The behavioral repertoire can be expanded within the same setup of rodents playing first-person (shooter) games. We may be able to build more abstract, auxiliary neural interfaces by predicting intended in-game actions from proprioception-reinforced neural activity [23] speeding up the rate of rat-to-machine communication resulting is fast-paced gameplays. The beauty of it all is that most of the work committed in this project is translational: if the developed decoding and stimulation solutions, in the form of learning models, manage to externalize brain states into in-game actions for rats, they should work on the same principles for humans. I’m not talking about transfer learning of course, I mean the transfer of model architectures. We are not that far from AIs training us in sandbox environments, accelerating learning through brain stimulation; or just from bonding with our pet hamsters over coop gaming.

Decoding models

Decoding of neural activity into behavioral actions like muscle movements is usually performed to reconstruct just a couple degrees of freedom — for instance, primates reaching for objects [24], or rodents running on corridors [4]. Kinematics such as movement velocity and acceleration, or positional and angular information of the limb in motion are often in focus. Although modeling approaches vary, only a handful of models have stood the test of time.

Traditionally, neuroscientists like to fit tuning curves on each recorded neuron, which explicitly outlines the preference of the neuron, which preference is demonstrated as a higher accompanying firing rate, for e.g. a movement direction. As was done in the work of Kennedy and Schwartz [25], tuning curves and firing rates of multiple neurons can be combined to derive a more accurate, less uncertain estimate of arm movement direction. Explicit directional tuning does not scale well with increasing degrees of freedom: try to decode a hand puppet’s range of motions by breaking it down into elemental 1D movements and then reconstruct it.

As an exotic example, Kloosterman et al. argued for skipping spike detection and decode rat position straight from spike waveform features, including peak amplitude and spike width, modeling spikes as spatial temporal Poisson processes, evaluating stochastic rates of spiking activity from the Poisson process, which is then used to derive the posterior distribution on rat position, all this from hippocampal recordings [26]. They present valid criticism of traditional spike detection algorithms and how misclassification of spikes — their presence or to which unit they belong — may lead to silent decoding errors.
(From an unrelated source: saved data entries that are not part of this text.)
(* Let $X$ be a time-homogeneous Markov chain on $\mathbf{R}$ with transition kernel $P$, arbitrary initial distribution, and renewal measure $U(B)=\sum_{n\ge0}\mathbf{P}\{X_n\in B\}$. Suppose there exists $A>0$ such that $\varepsilon:=\inf_{x\in\mathbf{R}}\mathbf{E}\min\{\xi(x),A\}>0$, and that $\delta:=\inf_{x\in\mathbf{R}}\mathbf{P}\{X_n>x\text{ for all }n\ge1\mid X_0=x\}>0$. Then $U(x,x+h]\le (A+h)/(\varepsilon\delta)$ for all $x\in\mathbf{R}$ and $h>0$; in particular $\sup_{k\in\mathbf{Z}}U(k,k+1]<\infty$.
   Context: $\xi(x)$ denotes a random variable distributed as the jump of the chain from $x$: $\mathbf{P}\{x+\xi(x)\in B\}=P(x,B)$. *)

theory Defs
  imports "HOL-Probability.Probability"
begin

text \<open>Path measure (law of the whole trajectory (X_0, X_1, ...)) of the time-homogeneous
  Markov chain on the reals with initial distribution mu and transition kernel K,
  built with the library's Ionescu-Tulcea construction:
  X_0 has law mu and, given X_0..X_(i-1), X_i has law K (X_(i-1)).\<close>
definition markov_path :: "real measure \<Rightarrow> (real \<Rightarrow> real measure) \<Rightarrow> (nat \<Rightarrow> real) measure" where
  "markov_path \<mu> K =
     projective_family.lim UNIV
       (Ionescu_Tulcea.CI (\<lambda>i \<omega>. if i = 0 then \<mu> else K (\<omega> (i - 1))) (\<lambda>_. borel))
       (\<lambda>_. borel)"

definition renewal :: "real measure \<Rightarrow> (real \<Rightarrow> real measure) \<Rightarrow> real set \<Rightarrow> ennreal" where
  "renewal \<mu> K B = (\<Sum>n. emeasure (markov_path \<mu> K) {\<omega> \<in> space (markov_path \<mu> K). \<omega> n \<in> B})"

end

theory Submission
  imports Defs
begin

text \<open>
  A bounded Lyapunov function bounds the renewal measure: if
  \<open>0 \<le> F \<le> C\<close> and \<open>1\<^sub>B + K F \<le> F\<close> pointwise, then
  \<open>P(X\<^sub>n \<in> B) + E F(X\<^sub>n\<^sub>+\<^sub>1) \<le> E F(X\<^sub>n)\<close>, and summing over \<open>n\<close> gives \<open>U(B) \<le> C\<close>.
  For the interval \<open>B = (x, t]\<close>, \<open>t = x + h\<close>, we take
  \<open>F(y) = c + (t + A - max y x) / \<epsilon>\<close> for \<open>y \<le> t\<close> and \<open>F(y) = c' g(y)\<close> for \<open>y > t\<close>,
  where \<open>g(y)\<close> is the probability of ever returning to \<open>(-\<infinity>, t]\<close> from \<open>y\<close>,
  \<open>c' = (A + h)/(\<epsilon> \<delta>)\<close> and \<open>c = (1 - \<delta>) c'\<close>.  The drift hypothesis makes the
  affine part decrease by at least 1 per step taken from \<open>B\<close>; the escape
  hypothesis gives \<open>g(z) \<le> 1 - \<delta>\<close> for \<open>z > t\<close> (a path staying above \<open>z\<close> never
  returns below \<open>t\<close>), which is what glues the two parts together.
\<close>

locale real_kernel =
  fixes K :: "real \<Rightarrow> real measure"
  assumes kernel: "K \<in> borel \<rightarrow>\<^sub>M prob_algebra borel"
begin

lemma kernel_subprob[measurable]: "K \<in> borel \<rightarrow>\<^sub>M subprob_algebra borel"
  using measurable_prob_algebraD[OF kernel] .

lemma prob_space_kernel: "prob_space (K y)" and sets_kernel: "sets (K y) = sets borel"
proof -
  have "K y \<in> space (prob_algebra borel)" using measurable_space[OF kernel] by simp
  then show "prob_space (K y)" "sets (K y) = sets borel" unfolding space_prob_algebra by blast+
qed

lemma emeasure_kernel_space[simp]: "emeasure (K y) (space (K y)) = 1"
  using prob_space.emeasure_space_1[OF prob_space_kernel] .

lemma nn_integral_kernel_const: "(\<integral>\<^sup>+w. c \<partial>K y) = c"
  by simp

text \<open>Its iterate \<open>(killed z ^^ j) (\<lambda>_. 1) y\<close>
  is the probability that the chain started at \<open>y\<close> stays above \<open>z\<close> during the
  first \<open>j\<close> steps (lemma \<open>survival_marginal\<close> below).\<close>

definition killed :: "real \<Rightarrow> (real \<Rightarrow> ennreal) \<Rightarrow> real \<Rightarrow> ennreal" where
  "killed z f y = (\<integral>\<^sup>+w. indicator {z<..} w * f w \<partial>K y)"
Muzzu et al. fits simple linear regression to decode movement speed in a VR environment [4] taking spiking bins of 5 ms width, pre-smoothed by a Gaussian filter (σ=50 ms). In the studies I review here, spiking rates are time-binned between 5 and 64 ms. While long bins result in decoding delays, short ones introduce high variance and renders the signal very sparse at the extreme. One may cheat a little to report a small bin size and apply Gaussian smoothing on the spike counts, which may also aid the assumption of normality that follows the linear models often employed in decoding [24].

Kalman and Wiener filters are the usual suspects when it comes to neural decoding. They can incorporate spiking rates, model and propagate uncertainty over time, though with the assumptions of normally distributed spiking rates and of linearity in their transition function. Unscented Kalman filters partly overcome the issue of linearity by allowing explicit, albeit not learnt, inclusion of nonlinearity [27]. Others have cooked up models like the one named recurrent exponential family harmonium (rEFH), which can model spiking rates as Poisson, and allow ‘arbitrary’ nonlinear interactions in their huge binary latent state [24]. But then again, are spiking rates really Poisson distributed? Not really. It is also hard to untangle the underlying assumptions and just believe that the hidden dynamics can cover all kinds of nonlinearities with no drawbacks on sample efficiency or generalizability.

Barroso and others compared Wiener filters to recurrent neural networks (LSTM) in the task of decoding rat locomotion, including limb and knee angles, both models incorporating 500 ms long history of 50 ms long spike bins for each prediction [28]. Glaser et al. implemented and matched the performance of 10 kinds of decoding models [29], including Kalman, Wiener filters and an LSTM architecture, taking 700 ms long spiking rate history. Both studies concluded that LSTM networks beat everything else in decoding accuracy.

Are recurrent neural networks the way to go in the long run? If I had to bet, I’d say yes. NNs still lack the appreciation in the neural decoding field and considered more of a hack. Nevertheless, deep learning models are well-researched, accessible and very flexible. We just need to embed the appropriate inductive bias into the network that reflects the geometry of the electrode array and the likely connectivity of the recorded neurons. I’m working on one at the moment, will publish it soon. Regardless, decoding can be done with linear models; I am not so sure about stimulation though.

AI in the (closed-)loop

So far I have glossed over the mechanism of training rats to perform timely behavioral actions in VR, i.e. shooting demons and traversing the map. The latter has been researched: rats have been taught to perform goal-directed movements in virtual environments relying on visual cues and spatial learning; exploration is in their veins. However, we can’t expect the animal to perform a behavioral action, such as a bite or a nod, at the right moment facing a demon, to initiate a shot, and do that consistently over and over again so it can link the subsequent positive reward to the context and to the action performed in said context. It is a rare event to happen at random and that is what fundamentally makes this project challenging.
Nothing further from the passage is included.